**Task item:** Whenever "close" occurs in a line of the material, list that line.

- - - - - - -

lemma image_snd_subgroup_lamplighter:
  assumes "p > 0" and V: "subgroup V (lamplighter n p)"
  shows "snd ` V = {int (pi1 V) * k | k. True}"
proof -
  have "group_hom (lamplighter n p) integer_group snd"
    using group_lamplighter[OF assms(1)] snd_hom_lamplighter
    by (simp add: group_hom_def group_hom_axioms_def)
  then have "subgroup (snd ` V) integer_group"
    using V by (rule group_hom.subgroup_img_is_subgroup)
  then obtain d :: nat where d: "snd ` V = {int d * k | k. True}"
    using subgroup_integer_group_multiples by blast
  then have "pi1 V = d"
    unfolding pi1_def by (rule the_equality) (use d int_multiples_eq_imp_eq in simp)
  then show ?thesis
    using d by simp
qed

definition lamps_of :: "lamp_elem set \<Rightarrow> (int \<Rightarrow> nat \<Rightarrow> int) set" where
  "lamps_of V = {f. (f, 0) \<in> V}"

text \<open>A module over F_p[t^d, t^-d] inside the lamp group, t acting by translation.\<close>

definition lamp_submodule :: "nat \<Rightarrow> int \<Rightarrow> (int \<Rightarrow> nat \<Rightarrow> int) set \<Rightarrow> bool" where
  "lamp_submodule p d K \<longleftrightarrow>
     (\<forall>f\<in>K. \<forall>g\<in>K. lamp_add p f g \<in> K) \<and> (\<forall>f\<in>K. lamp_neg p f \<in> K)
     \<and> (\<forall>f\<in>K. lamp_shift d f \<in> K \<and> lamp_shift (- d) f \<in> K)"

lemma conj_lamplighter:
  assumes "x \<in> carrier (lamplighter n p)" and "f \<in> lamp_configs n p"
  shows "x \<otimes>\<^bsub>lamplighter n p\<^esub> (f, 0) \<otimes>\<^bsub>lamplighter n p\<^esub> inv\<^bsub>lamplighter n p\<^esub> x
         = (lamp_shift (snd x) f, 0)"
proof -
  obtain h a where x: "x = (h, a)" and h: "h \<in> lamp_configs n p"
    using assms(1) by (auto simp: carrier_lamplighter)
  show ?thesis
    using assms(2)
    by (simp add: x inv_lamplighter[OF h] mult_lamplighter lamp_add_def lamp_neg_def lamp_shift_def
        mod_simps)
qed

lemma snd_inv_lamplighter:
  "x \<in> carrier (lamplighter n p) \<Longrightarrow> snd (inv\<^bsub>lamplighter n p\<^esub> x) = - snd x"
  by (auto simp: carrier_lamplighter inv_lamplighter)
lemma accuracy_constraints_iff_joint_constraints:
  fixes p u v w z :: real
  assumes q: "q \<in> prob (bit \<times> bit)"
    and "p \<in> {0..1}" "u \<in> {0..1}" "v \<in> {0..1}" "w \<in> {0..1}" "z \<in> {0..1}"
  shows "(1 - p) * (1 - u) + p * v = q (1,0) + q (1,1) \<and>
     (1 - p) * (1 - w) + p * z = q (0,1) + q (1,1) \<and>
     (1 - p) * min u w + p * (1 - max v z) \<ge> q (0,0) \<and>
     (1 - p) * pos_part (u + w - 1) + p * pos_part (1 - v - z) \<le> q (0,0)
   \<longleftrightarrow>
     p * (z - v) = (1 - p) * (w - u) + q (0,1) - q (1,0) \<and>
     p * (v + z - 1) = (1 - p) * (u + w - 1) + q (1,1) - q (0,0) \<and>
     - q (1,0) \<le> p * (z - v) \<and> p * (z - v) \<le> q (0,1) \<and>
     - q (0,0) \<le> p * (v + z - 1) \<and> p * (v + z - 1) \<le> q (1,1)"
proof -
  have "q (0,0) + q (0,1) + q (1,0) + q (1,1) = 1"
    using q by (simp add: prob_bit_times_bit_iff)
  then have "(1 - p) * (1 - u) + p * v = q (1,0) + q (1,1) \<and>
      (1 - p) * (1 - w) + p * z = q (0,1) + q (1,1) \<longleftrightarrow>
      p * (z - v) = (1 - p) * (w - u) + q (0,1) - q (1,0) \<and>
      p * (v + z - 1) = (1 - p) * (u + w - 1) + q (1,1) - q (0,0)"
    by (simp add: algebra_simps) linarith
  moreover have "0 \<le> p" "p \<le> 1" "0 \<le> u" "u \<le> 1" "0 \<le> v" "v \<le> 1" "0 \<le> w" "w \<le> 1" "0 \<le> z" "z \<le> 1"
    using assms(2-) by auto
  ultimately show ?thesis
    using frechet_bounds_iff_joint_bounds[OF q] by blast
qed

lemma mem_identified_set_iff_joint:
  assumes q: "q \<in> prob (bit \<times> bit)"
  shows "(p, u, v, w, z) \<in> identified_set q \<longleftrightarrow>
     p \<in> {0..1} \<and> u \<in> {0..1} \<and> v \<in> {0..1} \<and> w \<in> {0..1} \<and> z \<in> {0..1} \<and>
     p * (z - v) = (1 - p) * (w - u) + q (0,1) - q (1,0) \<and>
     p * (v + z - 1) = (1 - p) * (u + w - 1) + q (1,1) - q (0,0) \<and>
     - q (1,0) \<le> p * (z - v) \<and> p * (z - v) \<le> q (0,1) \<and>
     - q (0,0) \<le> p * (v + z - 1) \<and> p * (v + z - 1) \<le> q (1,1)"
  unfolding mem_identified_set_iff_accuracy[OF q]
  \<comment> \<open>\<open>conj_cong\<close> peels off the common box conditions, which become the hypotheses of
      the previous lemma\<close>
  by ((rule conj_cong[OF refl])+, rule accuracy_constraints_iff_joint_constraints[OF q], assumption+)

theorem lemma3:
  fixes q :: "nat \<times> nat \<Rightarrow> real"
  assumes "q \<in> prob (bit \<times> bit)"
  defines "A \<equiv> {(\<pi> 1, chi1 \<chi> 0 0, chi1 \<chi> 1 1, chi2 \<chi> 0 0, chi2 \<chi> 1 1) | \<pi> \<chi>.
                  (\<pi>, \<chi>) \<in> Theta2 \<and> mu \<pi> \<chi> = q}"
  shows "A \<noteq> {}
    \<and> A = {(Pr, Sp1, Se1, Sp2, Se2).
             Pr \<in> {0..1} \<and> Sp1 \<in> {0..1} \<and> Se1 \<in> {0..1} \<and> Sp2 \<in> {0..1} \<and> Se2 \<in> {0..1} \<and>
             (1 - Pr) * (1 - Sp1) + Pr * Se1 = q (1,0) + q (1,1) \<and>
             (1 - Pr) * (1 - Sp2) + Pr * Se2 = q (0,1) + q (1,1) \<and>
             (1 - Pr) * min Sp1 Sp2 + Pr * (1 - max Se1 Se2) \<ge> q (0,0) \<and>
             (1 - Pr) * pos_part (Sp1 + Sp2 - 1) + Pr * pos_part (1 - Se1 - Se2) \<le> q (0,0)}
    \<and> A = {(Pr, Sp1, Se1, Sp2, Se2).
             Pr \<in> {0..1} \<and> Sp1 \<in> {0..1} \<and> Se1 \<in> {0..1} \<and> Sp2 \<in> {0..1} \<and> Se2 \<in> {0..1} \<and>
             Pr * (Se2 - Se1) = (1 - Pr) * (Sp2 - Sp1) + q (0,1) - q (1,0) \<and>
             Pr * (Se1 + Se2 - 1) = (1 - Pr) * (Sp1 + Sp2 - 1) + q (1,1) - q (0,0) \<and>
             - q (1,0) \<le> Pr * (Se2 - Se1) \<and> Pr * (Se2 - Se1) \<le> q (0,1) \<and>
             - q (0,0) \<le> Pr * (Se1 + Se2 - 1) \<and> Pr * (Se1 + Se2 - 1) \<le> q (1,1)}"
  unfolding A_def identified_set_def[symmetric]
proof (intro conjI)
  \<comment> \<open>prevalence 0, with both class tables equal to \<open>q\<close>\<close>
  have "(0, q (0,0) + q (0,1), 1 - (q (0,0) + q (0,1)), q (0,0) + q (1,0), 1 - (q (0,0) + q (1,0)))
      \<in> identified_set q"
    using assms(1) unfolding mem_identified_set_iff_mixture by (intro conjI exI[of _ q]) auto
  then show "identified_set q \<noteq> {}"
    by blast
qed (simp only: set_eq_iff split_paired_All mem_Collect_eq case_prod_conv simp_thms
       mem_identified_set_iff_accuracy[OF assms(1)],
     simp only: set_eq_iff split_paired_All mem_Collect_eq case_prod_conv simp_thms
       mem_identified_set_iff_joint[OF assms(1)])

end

- - - - - - -

**Answer area:**
text \<open>A module over F_p[t^d, t^-d] inside the lamp group, t acting by translation.\<close>
  \<comment> \<open>\<open>conj_cong\<close> peels off the common box conditions, which become the hypotheses of
      the previous lemma\<close>
  \<comment> \<open>prevalence 0, with both class tables equal to \<open>q\<close>\<close>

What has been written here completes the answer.